As division chief, Dr. DeRubertis will emphasize inter-division and multi-departmental collaboration, noting that vascular and cardiovascular disease is increasingly being treated in a multidisciplinary fashion, with intersections between cardiology, interventional radiology, and vascular and cardiac surgery.
“The opportunity for collaboration was a large part of the appeal of joining Weill Cornell Medicine and NewYork-Presbyterian,” he said. “Not only does this division have an incredible group of accomplished vascular surgeons, you have colleagues at the top of their field in each of these other specialties. And together, through our shared modern approach to medicine, we are able to provide the best, most comprehensive care to our patients.”
About Dr. Brian DeRubertis
Dr. DeRubertis received a bachelor’s degree in psychobiology from UCLA and a medical degree from Weill Cornell Medicine. After a general surgery internship at Oregon Health Sciences University, he completed a surgical research fellowship at Memorial Sloan Kettering Cancer Center. He completed his general surgery residency and chief residency at NewYork-Presbyterian/Weill Cornell Medical Center, followed by a vascular surgery fellowship at New York-Presbyterian/Weill Cornell and NewYork-Presbyterian/Columbia University Irving Medical Center. Dr. DeRubertis then joined the faculty of the David Geffen School of Medicine at UCLA as an assistant professor-in-residence in the Division of Vascular Surgery, rising to the position of clinical professor of surgery and most recently serving as medical director of the Ambulatory Procedure Unit at the UCLA Gonda Vascular Center.

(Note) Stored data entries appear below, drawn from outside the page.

lemma three_halves_am_gm:
  fixes l x \<alpha> :: real
  assumes "l \<ge> 0" "x > 0" "1/2 \<le> \<alpha>" "\<alpha> \<le> 1"
  shows "l powr (3/2) * x powr (- (1 / (2 * \<alpha>))) \<le>
    1 / (2 * \<alpha>) * l * (l powr \<alpha> / x) + (1 - 1 / (2 * \<alpha>)) * l"
proof -
  define q where "q = 1 / (2 * \<alpha>)"
  have q: "0 \<le> q" "q \<le> 1" using assms by (auto simp: q_def)
  have "(1 + \<alpha>) * q + (1 - q) = 3/2" using assms by (simp add: q_def field_simps)
  then have "l powr ((1 + \<alpha>) * q) * l powr (1 - q) = l powr (3/2)" by (metis powr_add)
  then have "(l powr (1 + \<alpha>) / x) powr q * l powr (1 - q) = l powr (3/2) * x powr (- q)"
    using assms by (simp add: powr_divide powr_powr powr_minus_divide)
  moreover have "l powr (1 + \<alpha>) = l * l powr \<alpha>"
    using assms by (cases "l = 0") (simp_all add: powr_add)
  ultimately show ?thesis
    using weighted_am_gm[of "l powr (1 + \<alpha>) / x" l q] assms q by (simp add: q_def)
qed

section \<open>Partial trace of a positive operator in adapted eigenbases\<close>

locale ptrace_eigenbasis =
  fixes dA dB :: nat and U V :: "complex mat" and \<mu> x :: "real list"
  assumes U: "unitary_mat (dA * dB) U" and length_mu: "length \<mu> = dA * dB"
    and mu_nonneg: "\<And>m. m < dA * dB \<Longrightarrow> \<mu> ! m \<ge> 0"
    and V: "unitary_mat dB V" and length_x: "length x = dB"
    and ptrace_eq: "ptrace_A dA dB (spectral U \<mu>) = spectral V x"
    and dB_pos: "dB > 0"
begin

lemma U_carrier: "U \<in> carrier_mat (dA * dB) (dA * dB)"
  using U by (rule unitary_carrier)

lemma V_carrier: "V \<in> carrier_mat dB dB"
  using V by (rule unitary_carrier)

text \<open>overlap m a j = \<langle>u_m | e_a \<otimes> v_j\<rangle> for the eigenvectors u_m of Y = spectral U \<mu> and v_j of tr_A Y.\<close>

definition overlap :: "nat \<Rightarrow> nat \<Rightarrow> nat \<Rightarrow> complex" where
  "overlap m a j = (adj U * id_tensor dA dB V) $$ (m, a * dB + j)"

lemma unitary_overlap_mat: "unitary_mat (dA * dB) (adj U * id_tensor dA dB V)"
  by (intro unitary_mult unitary_adj U unitary_id_tensor V dB_pos)

lemma overlap_eq_sum:
  assumes m: "m < dA * dB" and a: "a < dA" and j: "j < dB"
  shows "overlap m a j = (\<Sum>s<dB. cnj (U $$ (a * dB + s, m)) * V $$ (s, j))"
proof -
  have aj: "a * dB + j < dA * dB" using a j by (rule block_index_less)
  have "overlap m a j = (\<Sum>k<dA * dB. adj U $$ (m, k) * id_tensor dA dB V $$ (k, a * dB + j))"
    unfolding overlap_def using U_carrier m aj by (intro index_mult_mat_sum) auto
  also have "\<dots> = (\<Sum>k<dA * dB. if k div dB = a
      then cnj (U $$ (k div dB * dB + k mod dB, m)) * V $$ (k mod dB, j) else 0)"
    using U_carrier m aj j by (intro sum.cong refl) (auto simp: index_id_tensor)
  also have "\<dots> = (\<Sum>s<dB. cnj (U $$ (a * dB + s, m)) * V $$ (s, j))"
    using sum_lessThan_mult_block_select[OF a, of dB "\<lambda>s. cnj (U $$ (a * dB + s, m)) * V $$ (s, j)"]
    by (simp cong: if_cong)
  finally show ?thesis .
qed

lemma overlap_row_norm:
  assumes "m < dA * dB"
  shows "(\<Sum>a<dA. \<Sum>j<dB. (cmod (overlap m a j))\<^sup>2) = 1"
  using unitary_row_norm[OF unitary_overlap_mat assms]
  by (simp add: sum_lessThan_mult_blocks overlap_def)

lemma overlap_col_norm:
  assumes "a < dA" "j < dB"
  shows "(\<Sum>m<dA * dB. (cmod (overlap m a j))\<^sup>2) = 1"
  using unitary_col_norm[OF unitary_overlap_mat block_index_less[OF assms]]
  by (simp add: overlap_def)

He has published more than 70 articles in peer-reviewed journals and contributed more than 15 book chapters. A fellow of the American College of Surgeons, Dr. DeRubertis is also a member of numerous medical organizations including the Society for Vascular Surgery, the Vascular & Endovascular Surgery Society, and the Pacific Coast Surgical Association. As a frequent guest speaker, he has presented original research at over 35 regional and national academic conferences and delivered over 200 presentations at national and international symposia. An expert in his field, he is a member of multiple advisory boards and has served as a physician-educator in many industry and societal training programs.